(* There exists a constant $c_1>0$ such that for all sufficiently large $n$ with $t\le c_1 n$, for all $k$ with $30\, x\log n\le k\le c_1 n$ and every tuple $(k_1,\dots,k_x)$ of integers with $t_i\le k_i\le a_i$ and $\sum_i k_i=k$, we have $a_{k_1,\dots,k_x}<\frac{1}{n^{3x}}$.
   Context: Random graph model: $V$ is a set of $n$ vertices, $B\subseteq V$ a target set with $|B|=t$, each $v\in V$ has a prescribed out-degree $d_v$ with $2\le d_{\min}\le d_v\le d_{\max}$ (constants), and for each $v$ independently its out-neighbour set is chosen uniformly among all $d_v$-element subsets of $V$. Let $d_1,\dots,d_x$ be the distinct out-degrees, $a_i$ the number of vertices of out-degree $d_i$, $t_i$ the number of vertices of $B$ of out-degree $d_i$; $\log$ is the natural logarithm. For $S\supseteq B$ containing $k_i$ vertices of out-degree $d_i$, $R(k_1,\dots,k_x)$ is the probability that every vertex of $S$ has a directed path to $B$ lying inside $S$. For $k=\sum_i k_i$ with $t_i\le k_i\le a_i$, $a_{k_1,\dots,k_x}=\left(\prod_{i=1}^x\binom{a_i-t_i}{k_i-t_i}\left(\binom{n-k}{d_i}/\binom{n}{d_i}\right)^{a_i-k_i}\right)R(k_1,\dots,k_x)$, with the factor $(\binom{n-k}{d_i}/\binom{n}{d_i})^{a_i-k_i}$ equal to $1$ when $a_i=k_i$. *)

theory Defs
  imports "HOL-Probability.Probability"
begin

+++

EXERCISE DETAILS -> Every line above needs to be repeated exactly as shown.

ANSWER TO THIS EXERCISE ->
(* There exists a constant $c_1>0$ such that for all sufficiently large $n$ with $t\le c_1 n$, for all $k$ with $30\, x\log n\le k\le c_1 n$ and every tuple $(k_1,\dots,k_x)$ of integers with $t_i\le k_i\le a_i$ and $\sum_i k_i=k$, we have $a_{k_1,\dots,k_x}<\frac{1}{n^{3x}}$.
   Context: Random graph model: $V$ is a set of $n$ vertices, $B\subseteq V$ a target set with $|B|=t$, each $v\in V$ has a prescribed out-degree $d_v$ with $2\le d_{\min}\le d_v\le d_{\max}$ (constants), and for each $v$ independently its out-neighbour set is chosen uniformly among all $d_v$-element subsets of $V$. Let $d_1,\dots,d_x$ be the distinct out-degrees, $a_i$ the number of vertices of out-degree $d_i$, $t_i$ the number of vertices of $B$ of out-degree $d_i$; $\log$ is the natural logarithm. For $S\supseteq B$ containing $k_i$ vertices of out-degree $d_i$, $R(k_1,\dots,k_x)$ is the probability that every vertex of $S$ has a directed path to $B$ lying inside $S$. For $k=\sum_i k_i$ with $t_i\le k_i\le a_i$, $a_{k_1,\dots,k_x}=\left(\prod_{i=1}^x\binom{a_i-t_i}{k_i-t_i}\left(\binom{n-k}{d_i}/\binom{n}{d_i}\right)^{a_i-k_i}\right)R(k_1,\dots,k_x)$, with the factor $(\binom{n-k}{d_i}/\binom{n}{d_i})^{a_i-k_i}$ equal to $1$ when $a_i=k_i$. *)

theory Defs
  imports "HOL-Probability.Probability"
begin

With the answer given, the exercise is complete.